(Stored data entries)
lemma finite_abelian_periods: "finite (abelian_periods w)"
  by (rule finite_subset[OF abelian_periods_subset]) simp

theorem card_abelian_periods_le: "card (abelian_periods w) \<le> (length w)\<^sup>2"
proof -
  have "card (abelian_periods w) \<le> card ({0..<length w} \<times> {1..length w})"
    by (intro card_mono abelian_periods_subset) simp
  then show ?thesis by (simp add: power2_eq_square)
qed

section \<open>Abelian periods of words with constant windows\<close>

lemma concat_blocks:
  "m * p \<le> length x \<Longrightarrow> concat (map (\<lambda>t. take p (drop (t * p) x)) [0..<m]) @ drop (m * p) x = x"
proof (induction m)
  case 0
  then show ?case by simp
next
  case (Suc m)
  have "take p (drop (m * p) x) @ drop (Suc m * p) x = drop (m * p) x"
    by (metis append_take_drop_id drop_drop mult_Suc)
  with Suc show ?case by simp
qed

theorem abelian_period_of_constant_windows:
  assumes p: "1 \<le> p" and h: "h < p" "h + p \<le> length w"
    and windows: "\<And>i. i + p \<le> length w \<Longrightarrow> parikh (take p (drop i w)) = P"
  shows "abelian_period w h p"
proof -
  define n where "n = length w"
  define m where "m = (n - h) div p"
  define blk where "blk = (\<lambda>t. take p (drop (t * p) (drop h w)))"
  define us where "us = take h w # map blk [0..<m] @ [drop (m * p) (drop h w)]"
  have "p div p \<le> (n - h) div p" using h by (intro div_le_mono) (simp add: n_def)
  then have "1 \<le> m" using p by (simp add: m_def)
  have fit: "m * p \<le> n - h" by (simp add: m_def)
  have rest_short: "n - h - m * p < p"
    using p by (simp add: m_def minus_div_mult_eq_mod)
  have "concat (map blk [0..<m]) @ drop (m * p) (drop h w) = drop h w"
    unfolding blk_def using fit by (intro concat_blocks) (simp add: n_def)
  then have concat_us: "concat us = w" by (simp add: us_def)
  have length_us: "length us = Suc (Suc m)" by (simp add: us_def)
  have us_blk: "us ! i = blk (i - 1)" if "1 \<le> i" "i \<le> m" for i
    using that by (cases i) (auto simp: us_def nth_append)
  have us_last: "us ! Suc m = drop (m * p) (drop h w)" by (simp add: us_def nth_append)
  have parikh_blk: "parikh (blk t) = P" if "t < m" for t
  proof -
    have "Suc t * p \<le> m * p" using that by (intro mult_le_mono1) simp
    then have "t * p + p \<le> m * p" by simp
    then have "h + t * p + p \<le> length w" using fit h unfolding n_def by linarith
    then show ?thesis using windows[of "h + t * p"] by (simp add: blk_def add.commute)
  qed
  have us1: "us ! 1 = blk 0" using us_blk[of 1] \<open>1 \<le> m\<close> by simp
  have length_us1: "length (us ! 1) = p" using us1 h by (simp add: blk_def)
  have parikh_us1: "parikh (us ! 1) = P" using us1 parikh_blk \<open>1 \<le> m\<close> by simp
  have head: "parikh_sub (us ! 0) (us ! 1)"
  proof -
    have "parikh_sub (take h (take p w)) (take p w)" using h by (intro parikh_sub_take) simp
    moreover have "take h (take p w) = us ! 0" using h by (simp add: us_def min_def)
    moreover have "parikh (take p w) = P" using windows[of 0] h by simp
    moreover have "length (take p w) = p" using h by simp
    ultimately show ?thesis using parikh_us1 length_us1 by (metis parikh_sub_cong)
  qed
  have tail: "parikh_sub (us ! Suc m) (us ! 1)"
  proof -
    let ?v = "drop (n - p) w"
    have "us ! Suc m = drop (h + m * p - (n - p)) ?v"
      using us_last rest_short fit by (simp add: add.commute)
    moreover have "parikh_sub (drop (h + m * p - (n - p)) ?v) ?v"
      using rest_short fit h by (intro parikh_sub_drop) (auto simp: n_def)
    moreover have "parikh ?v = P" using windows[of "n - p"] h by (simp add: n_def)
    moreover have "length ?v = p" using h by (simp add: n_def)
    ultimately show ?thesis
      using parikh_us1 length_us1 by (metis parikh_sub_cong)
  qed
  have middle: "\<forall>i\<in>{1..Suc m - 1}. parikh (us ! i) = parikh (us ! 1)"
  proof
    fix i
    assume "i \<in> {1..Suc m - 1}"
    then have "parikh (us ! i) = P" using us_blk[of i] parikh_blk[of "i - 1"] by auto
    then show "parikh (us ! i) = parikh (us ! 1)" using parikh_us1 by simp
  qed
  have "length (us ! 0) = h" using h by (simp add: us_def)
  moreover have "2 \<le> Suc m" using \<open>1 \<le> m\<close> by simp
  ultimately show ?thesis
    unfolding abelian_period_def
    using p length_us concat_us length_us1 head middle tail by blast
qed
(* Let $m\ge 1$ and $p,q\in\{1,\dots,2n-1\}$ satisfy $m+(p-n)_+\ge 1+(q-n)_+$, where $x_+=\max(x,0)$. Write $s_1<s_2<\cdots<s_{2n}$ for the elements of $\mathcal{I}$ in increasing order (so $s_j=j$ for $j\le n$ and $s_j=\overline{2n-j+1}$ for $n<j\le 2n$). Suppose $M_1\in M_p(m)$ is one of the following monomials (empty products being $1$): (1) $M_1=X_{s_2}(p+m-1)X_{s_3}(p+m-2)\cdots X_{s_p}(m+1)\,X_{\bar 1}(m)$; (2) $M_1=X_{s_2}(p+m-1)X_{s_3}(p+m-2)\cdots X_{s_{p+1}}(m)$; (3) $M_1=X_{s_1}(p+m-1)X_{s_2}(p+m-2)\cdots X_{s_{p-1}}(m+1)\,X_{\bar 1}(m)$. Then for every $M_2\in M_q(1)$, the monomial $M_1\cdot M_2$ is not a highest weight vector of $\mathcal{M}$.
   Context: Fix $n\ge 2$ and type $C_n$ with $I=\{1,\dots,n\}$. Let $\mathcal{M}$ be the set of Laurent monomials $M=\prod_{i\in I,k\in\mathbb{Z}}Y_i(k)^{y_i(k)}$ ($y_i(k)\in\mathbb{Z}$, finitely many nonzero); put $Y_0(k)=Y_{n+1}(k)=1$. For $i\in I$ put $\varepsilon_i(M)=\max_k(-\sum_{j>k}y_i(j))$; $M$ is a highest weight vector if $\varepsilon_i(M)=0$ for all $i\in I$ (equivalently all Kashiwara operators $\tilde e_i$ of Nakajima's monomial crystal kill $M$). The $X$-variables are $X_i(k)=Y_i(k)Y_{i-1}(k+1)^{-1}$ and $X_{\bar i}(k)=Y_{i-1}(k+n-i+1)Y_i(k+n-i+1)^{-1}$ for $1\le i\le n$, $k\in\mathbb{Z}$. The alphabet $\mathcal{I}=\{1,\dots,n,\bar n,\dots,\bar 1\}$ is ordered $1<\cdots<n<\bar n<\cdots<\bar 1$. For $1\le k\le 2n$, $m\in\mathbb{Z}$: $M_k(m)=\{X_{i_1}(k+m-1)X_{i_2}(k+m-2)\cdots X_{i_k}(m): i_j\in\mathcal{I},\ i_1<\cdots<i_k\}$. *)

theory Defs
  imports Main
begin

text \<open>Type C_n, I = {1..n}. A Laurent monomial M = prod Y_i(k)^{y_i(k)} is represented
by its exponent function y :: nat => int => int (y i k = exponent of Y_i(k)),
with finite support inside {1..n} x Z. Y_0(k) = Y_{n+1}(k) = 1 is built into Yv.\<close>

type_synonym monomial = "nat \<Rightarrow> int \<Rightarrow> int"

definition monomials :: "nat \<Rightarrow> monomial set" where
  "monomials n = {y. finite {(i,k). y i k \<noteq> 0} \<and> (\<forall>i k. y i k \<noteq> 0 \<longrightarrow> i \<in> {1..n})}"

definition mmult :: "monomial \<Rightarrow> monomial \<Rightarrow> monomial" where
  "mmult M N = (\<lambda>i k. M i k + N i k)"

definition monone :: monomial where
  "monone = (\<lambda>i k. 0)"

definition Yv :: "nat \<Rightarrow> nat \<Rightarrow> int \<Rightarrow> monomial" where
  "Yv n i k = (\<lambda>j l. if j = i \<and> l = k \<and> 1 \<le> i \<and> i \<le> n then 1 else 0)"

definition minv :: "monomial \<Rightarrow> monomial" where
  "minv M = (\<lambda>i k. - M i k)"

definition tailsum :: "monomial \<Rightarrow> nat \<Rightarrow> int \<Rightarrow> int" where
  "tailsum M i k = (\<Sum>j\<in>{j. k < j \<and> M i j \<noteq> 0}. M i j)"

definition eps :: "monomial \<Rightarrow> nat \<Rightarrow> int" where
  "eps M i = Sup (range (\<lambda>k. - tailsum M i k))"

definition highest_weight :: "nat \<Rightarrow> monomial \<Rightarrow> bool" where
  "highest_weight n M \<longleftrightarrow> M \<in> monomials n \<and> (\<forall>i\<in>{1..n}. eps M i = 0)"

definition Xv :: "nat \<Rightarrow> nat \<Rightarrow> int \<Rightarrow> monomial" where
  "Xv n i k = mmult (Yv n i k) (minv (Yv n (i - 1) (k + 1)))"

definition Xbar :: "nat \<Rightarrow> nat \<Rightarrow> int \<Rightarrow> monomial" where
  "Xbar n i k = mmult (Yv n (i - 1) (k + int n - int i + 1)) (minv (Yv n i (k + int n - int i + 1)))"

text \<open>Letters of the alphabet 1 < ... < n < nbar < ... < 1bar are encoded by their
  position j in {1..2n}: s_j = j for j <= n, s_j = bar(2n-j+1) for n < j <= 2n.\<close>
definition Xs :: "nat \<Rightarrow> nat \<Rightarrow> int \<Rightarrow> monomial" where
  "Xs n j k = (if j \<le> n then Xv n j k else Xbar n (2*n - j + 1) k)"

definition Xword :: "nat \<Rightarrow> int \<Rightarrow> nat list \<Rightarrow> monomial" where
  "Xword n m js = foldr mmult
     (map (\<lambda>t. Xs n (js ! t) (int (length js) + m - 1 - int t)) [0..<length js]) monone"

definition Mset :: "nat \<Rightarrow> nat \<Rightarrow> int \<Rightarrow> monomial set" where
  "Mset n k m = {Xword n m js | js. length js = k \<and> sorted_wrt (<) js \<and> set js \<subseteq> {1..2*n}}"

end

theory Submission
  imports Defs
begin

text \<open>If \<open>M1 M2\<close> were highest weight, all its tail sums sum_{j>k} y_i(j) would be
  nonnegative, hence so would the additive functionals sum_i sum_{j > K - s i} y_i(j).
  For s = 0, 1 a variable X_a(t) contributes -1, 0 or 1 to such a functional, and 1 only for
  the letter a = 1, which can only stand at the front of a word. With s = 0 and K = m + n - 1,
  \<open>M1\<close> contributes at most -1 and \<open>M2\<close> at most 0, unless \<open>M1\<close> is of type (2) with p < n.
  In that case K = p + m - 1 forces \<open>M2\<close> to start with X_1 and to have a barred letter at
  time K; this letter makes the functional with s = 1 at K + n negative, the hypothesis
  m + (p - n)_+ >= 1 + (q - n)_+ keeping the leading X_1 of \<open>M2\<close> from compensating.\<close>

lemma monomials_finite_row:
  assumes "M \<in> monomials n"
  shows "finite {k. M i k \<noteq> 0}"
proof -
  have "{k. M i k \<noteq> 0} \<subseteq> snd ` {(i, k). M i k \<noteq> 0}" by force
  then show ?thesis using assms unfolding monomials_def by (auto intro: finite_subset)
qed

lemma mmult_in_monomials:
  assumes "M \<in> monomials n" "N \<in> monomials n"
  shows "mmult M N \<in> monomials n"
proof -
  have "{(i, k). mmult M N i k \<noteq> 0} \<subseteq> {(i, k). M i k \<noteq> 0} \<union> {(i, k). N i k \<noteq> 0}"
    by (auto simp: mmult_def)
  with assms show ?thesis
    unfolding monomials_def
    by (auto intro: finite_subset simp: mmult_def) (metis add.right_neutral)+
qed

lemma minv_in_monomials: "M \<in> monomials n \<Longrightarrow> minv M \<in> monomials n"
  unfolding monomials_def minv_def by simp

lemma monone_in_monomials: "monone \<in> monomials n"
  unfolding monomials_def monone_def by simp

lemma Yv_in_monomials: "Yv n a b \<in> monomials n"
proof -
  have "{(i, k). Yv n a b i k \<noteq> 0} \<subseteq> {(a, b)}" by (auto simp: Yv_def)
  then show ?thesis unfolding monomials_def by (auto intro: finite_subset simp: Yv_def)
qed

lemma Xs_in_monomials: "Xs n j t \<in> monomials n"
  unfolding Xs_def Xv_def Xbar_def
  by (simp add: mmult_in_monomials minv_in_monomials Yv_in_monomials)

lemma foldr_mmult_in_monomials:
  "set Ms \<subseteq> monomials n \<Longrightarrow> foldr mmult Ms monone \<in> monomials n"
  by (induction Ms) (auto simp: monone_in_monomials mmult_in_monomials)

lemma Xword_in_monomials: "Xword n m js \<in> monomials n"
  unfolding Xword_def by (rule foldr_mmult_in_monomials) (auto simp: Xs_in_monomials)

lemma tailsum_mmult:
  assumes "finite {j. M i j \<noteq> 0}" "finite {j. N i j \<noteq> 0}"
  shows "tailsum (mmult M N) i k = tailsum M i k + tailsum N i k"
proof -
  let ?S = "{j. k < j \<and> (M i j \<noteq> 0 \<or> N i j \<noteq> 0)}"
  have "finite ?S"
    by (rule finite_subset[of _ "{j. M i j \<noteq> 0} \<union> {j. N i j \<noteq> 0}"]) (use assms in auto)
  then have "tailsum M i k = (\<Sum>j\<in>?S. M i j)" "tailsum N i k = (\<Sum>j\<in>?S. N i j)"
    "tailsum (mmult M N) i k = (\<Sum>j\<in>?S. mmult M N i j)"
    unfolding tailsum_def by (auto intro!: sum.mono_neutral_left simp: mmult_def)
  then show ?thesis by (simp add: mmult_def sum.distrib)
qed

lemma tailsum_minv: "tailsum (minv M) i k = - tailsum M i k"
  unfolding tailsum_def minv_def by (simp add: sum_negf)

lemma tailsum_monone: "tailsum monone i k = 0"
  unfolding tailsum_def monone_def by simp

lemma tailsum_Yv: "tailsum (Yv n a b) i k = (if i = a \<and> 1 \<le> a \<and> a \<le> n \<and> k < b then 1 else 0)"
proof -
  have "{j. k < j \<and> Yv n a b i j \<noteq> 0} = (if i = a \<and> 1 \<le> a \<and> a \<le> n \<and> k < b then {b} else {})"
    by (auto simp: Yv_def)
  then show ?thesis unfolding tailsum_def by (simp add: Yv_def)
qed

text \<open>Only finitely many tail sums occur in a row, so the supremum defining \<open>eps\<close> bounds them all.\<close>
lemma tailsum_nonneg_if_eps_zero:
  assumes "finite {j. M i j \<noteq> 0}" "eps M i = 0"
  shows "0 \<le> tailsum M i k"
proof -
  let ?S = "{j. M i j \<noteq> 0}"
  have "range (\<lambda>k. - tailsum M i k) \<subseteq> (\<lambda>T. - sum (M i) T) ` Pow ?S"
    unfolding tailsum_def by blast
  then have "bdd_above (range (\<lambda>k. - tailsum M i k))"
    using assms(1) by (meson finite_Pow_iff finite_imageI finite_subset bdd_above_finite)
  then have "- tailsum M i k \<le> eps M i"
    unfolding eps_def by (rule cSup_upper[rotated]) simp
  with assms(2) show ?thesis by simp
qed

§ **Task to carry out**
Write the opening line of the data above and every line after it, exactly, stopping once you have written the line with "n_def by linarith".

§ **Exercise response**
lemma finite_abelian_periods: "finite (abelian_periods w)"
  by (rule finite_subset[OF abelian_periods_subset]) simp

theorem card_abelian_periods_le: "card (abelian_periods w) \<le> (length w)\<^sup>2"
proof -
  have "card (abelian_periods w) \<le> card ({0..<length w} \<times> {1..length w})"
    by (intro card_mono abelian_periods_subset) simp
  then show ?thesis by (simp add: power2_eq_square)
qed

section \<open>Abelian periods of words with constant windows\<close>

lemma concat_blocks:
  "m * p \<le> length x \<Longrightarrow> concat (map (\<lambda>t. take p (drop (t * p) x)) [0..<m]) @ drop (m * p) x = x"
proof (induction m)
  case 0
  then show ?case by simp
next
  case (Suc m)
  have "take p (drop (m * p) x) @ drop (Suc m * p) x = drop (m * p) x"
    by (metis append_take_drop_id drop_drop mult_Suc)
  with Suc show ?case by simp
qed

theorem abelian_period_of_constant_windows:
  assumes p: "1 \<le> p" and h: "h < p" "h + p \<le> length w"
    and windows: "\<And>i. i + p \<le> length w \<Longrightarrow> parikh (take p (drop i w)) = P"
  shows "abelian_period w h p"
proof -
  define n where "n = length w"
  define m where "m = (n - h) div p"
  define blk where "blk = (\<lambda>t. take p (drop (t * p) (drop h w)))"
  define us where "us = take h w # map blk [0..<m] @ [drop (m * p) (drop h w)]"
  have "p div p \<le> (n - h) div p" using h by (intro div_le_mono) (simp add: n_def)
  then have "1 \<le> m" using p by (simp add: m_def)
  have fit: "m * p \<le> n - h" by (simp add: m_def)
  have rest_short: "n - h - m * p < p"
    using p by (simp add: m_def minus_div_mult_eq_mod)
  have "concat (map blk [0..<m]) @ drop (m * p) (drop h w) = drop h w"
    unfolding blk_def using fit by (intro concat_blocks) (simp add: n_def)
  then have concat_us: "concat us = w" by (simp add: us_def)
  have length_us: "length us = Suc (Suc m)" by (simp add: us_def)
  have us_blk: "us ! i = blk (i - 1)" if "1 \<le> i" "i \<le> m" for i
    using that by (cases i) (auto simp: us_def nth_append)
  have us_last: "us ! Suc m = drop (m * p) (drop h w)" by (simp add: us_def nth_append)
  have parikh_blk: "parikh (blk t) = P" if "t < m" for t
  proof -
    have "Suc t * p \<le> m * p" using that by (intro mult_le_mono1) simp
    then have "t * p + p \<le> m * p" by simp
    then have "h + t * p + p \<le> length w" using fit h unfolding n_def by linarith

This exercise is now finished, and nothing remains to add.